Major version update (1.X.Y to 1.(X+1).0)

When:

  • We should do such an update when we have a reasonable assurance of stability.

Requirements:

  • All the requirements for a minor update.
  • No major change recently landed.
  • No major recent regressions have been filed.
  • All tests pass locally for the person doing the update, including the main test suite (no params passed to runner.py), other, browser, sockets, sanity, binaryen*. (Not all of those are run on all the bots.)
  • A minor version was recently tagged, no major bugs have been reported on it, and nothing major landed since it did. (Bugs are often only found on tagged versions, so a big feature should first be in a minor version update before it is in a major one.)

How:

  1. Follow the same steps for a minor version update.

Updating the emscripten.org Website

The site is currently hosted in gh-pages branch of the separate site repository. To update the docs, rebuild them and copy them into this repository. There is a script that will perform these steps automatically: tools/maint/update_docs.py. Just run this script with no arguments if the emscripten-site repository is checked out alongside emscripten itself, or pass the location of the checkout if not.

You will need the specific sphinx version installed, which you can do using pip3 install -r requirements-dev.txt (depending on your system, you may then need to add ~/.local/bin to your path, if pip installs to there).

Updating the emcc.py help text

emcc --help output is generated from the main documentation under site/, so it is the same as shown on the website, but it is rendered to text.

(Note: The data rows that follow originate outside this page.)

(* Let $t>204$ be an integer and adopt the setting described in the context. If $r$ is a positive integer and $h\in\{0,1\}$, then $\Sigma_{r,0}$ and $\Sigma_{r+h,1}$ are not both equal to $0$.
   Context: Let $P(x,y)=x^{4}+4tx^{3}y-6tx^{2}y^{2}-4t^{2}xy^{3}+t^{2}y^{4}$. Fix complex numbers $\alpha,\beta$ with $\alpha^4=1+i\sqrt t$, $\beta^4=-1+i\sqrt t$, and for integers $x,y$ set $\xi(x,y)=\sqrt2\,\alpha(x-i\sqrt t\,y)$, $\eta(x,y)=\sqrt2\,\beta(x+i\sqrt t\,y)$, $z(x,y)=1-(\eta(x,y)/\xi(x,y))^4$. An integer pair $(x,y)$ is related to a fourth root of unity $\omega$ if $|\omega-\eta(x,y)/\xi(x,y)|<\frac{\pi}{12}|z(x,y)|$. Let $\omega\in\{\pm1,\pm i\}$ and let $(x_1,y_1)\ne(x_2,y_2)$ be two pairs of coprime positive integers, each satisfying $0<P(x,y)\le t^2$ and $xy>64t^3$, both related to $\omega$, with $|\xi(x_2,y_2)|\ge|\xi(x_1,y_1)|$. Write $\xi_i=\xi(x_i,y_i)$, $\eta_i=\eta(x_i,y_i)$, $z_1=z(x_1,y_1)$. With binomials $\binom{a}{m}=a(a-1)\cdots(a-m+1)/m!$, for positive integers $r$ and $g\in\{0,1\}$ let $A_{r,g}(z)=\sum_{m=0}^{r}\binom{r-g+\frac14}{m}\binom{2r-g-m}{r-g}(-z)^m$, $B_{r,g}(z)=\sum_{m=0}^{r-g}\binom{r-\frac14}{m}\binom{2r-g-m}{r}(-z)^m$, and $$\Sigma_{r,g}=\frac{\eta_2}{\xi_2}A_{r,g}(z_1)-(-1)^r\frac{\eta_1}{\xi_1}B_{r,g}(z_1).$$ *)

theory Defs
  imports Complex_Main
begin

definition Pform :: "int \<Rightarrow> int \<Rightarrow> int \<Rightarrow> int" where
  "Pform t x y = x^4 + 4*t*x^3*y - 6*t*x^2*y^2 - 4*t^2*x*y^3 + t^2*y^4"

definition sqt :: "int \<Rightarrow> complex" where
  "sqt t = complex_of_real (sqrt (real_of_int t))"

definition xi :: "int \<Rightarrow> complex \<Rightarrow> int \<Rightarrow> int \<Rightarrow> complex" where
  "xi t \<alpha> x y = complex_of_real (sqrt 2) * \<alpha> * (of_int x - \<i> * sqt t * of_int y)"

definition eta :: "int \<Rightarrow> complex \<Rightarrow> int \<Rightarrow> int \<Rightarrow> complex" where
  "eta t \<beta> x y = complex_of_real (sqrt 2) * \<beta> * (of_int x + \<i> * sqt t * of_int y)"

After updating emcc.rst in a PR, the following should be done:

  1. In your emscripten repo checkout, enter site.
  2. Run make clean (without this, it may not emit the right output).
  3. Run make text.
  4. Copy the output build/text/docs/tools_reference/emcc.txt to ../docs/emcc.txt (both paths relative to the site/ directory in emscripten that you entered in step 1), and add that change to your PR.

See notes above on installing sphinx.